* REQUIRED ACTION: When the word "within" appears in a line of the data below, list that line.

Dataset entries
·····
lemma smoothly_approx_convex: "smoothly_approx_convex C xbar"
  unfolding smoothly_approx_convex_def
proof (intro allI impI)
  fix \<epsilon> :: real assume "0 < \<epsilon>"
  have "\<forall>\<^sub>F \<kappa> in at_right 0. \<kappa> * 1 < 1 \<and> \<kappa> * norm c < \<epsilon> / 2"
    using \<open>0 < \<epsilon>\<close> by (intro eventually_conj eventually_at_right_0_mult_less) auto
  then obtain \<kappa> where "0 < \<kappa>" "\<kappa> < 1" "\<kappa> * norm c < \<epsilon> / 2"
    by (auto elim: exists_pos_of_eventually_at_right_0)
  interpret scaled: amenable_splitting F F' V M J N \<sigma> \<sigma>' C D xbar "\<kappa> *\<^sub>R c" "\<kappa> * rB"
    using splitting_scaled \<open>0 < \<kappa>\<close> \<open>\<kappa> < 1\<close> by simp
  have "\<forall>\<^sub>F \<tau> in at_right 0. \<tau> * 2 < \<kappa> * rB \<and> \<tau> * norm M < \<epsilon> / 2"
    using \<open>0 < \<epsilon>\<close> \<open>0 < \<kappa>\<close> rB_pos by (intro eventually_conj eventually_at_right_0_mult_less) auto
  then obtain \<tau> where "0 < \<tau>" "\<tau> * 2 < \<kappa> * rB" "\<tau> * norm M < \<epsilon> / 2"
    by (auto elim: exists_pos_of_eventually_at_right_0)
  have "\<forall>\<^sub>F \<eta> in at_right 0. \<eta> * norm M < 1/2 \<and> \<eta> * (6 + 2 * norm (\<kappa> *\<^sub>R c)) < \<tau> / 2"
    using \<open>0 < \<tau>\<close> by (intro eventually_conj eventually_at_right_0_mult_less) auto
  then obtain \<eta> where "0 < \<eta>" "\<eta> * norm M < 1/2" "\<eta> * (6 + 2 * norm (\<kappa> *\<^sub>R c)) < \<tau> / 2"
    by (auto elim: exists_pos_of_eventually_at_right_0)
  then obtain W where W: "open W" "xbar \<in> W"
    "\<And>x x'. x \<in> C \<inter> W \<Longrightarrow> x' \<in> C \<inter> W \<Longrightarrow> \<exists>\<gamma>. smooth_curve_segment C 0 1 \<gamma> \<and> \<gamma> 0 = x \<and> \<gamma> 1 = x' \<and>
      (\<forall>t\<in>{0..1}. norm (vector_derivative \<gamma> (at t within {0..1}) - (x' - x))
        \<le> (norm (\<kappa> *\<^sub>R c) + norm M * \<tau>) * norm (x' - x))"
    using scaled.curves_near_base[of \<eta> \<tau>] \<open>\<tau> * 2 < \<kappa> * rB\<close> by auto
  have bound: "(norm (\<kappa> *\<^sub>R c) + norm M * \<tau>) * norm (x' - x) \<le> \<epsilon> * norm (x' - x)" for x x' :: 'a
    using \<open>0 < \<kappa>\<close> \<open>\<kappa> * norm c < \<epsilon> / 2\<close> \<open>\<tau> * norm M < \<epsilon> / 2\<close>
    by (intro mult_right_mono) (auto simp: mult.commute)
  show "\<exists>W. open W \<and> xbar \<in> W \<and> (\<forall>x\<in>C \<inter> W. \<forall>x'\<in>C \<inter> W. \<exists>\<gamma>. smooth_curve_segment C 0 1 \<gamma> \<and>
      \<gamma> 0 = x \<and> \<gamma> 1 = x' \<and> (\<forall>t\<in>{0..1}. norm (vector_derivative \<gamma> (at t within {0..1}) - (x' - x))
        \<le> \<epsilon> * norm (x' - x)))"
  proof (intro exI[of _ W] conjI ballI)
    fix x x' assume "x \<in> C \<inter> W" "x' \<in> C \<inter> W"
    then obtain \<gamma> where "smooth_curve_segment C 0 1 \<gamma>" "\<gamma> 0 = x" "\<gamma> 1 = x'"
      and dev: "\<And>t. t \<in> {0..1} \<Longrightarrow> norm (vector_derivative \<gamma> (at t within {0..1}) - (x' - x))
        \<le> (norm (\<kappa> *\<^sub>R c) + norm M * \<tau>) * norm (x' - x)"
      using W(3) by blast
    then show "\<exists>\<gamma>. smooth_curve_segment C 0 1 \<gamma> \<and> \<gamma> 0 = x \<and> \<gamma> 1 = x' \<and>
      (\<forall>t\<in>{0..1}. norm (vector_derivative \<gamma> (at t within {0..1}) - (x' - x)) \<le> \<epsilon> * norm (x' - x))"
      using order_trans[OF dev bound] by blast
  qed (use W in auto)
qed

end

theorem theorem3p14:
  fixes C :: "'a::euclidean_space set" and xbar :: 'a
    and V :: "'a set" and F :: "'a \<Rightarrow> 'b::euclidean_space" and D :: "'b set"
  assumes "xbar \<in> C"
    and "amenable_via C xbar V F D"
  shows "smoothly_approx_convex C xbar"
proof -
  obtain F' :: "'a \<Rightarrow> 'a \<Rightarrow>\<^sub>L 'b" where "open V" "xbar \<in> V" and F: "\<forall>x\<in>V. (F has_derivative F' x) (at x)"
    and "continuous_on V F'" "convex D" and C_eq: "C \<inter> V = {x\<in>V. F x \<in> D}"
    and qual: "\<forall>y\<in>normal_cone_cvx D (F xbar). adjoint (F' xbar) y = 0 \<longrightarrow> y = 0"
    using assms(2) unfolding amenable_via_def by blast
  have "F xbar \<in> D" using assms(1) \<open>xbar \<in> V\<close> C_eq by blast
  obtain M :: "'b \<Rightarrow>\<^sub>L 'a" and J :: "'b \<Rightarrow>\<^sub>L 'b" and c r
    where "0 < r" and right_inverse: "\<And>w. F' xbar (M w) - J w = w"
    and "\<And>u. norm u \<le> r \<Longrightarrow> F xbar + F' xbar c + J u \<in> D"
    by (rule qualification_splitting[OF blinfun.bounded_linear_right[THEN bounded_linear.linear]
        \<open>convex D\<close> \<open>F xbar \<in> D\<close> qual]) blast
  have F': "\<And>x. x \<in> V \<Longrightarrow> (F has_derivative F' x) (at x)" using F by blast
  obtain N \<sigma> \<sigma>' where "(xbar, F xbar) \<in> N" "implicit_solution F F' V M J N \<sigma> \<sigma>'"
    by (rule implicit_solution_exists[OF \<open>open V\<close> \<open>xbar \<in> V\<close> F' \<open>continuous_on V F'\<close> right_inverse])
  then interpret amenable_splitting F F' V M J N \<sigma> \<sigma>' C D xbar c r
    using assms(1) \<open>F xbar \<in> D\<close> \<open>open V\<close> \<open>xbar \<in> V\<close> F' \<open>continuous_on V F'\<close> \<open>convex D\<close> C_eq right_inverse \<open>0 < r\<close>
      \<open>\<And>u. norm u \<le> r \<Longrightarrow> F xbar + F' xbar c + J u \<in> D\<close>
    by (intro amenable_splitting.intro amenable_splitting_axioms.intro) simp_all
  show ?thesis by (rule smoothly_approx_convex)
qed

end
·····
* EXERCISE OUTPUT:
      (\<forall>t\<in>{0..1}. norm (vector_derivative \<gamma> (at t within {0..1}) - (x' - x))
      \<gamma> 0 = x \<and> \<gamma> 1 = x' \<and> (\<forall>t\<in>{0..1}. norm (vector_derivative \<gamma> (at t within {0..1}) - (x' - x))
      and dev: "\<And>t. t \<in> {0..1} \<Longrightarrow> norm (vector_derivative \<gamma> (at t within {0..1}) - (x' - x))
      (\<forall>t\<in>{0..1}. norm (vector_derivative \<gamma> (at t within {0..1}) - (x' - x)) \<le> \<epsilon> * norm (x' - x))"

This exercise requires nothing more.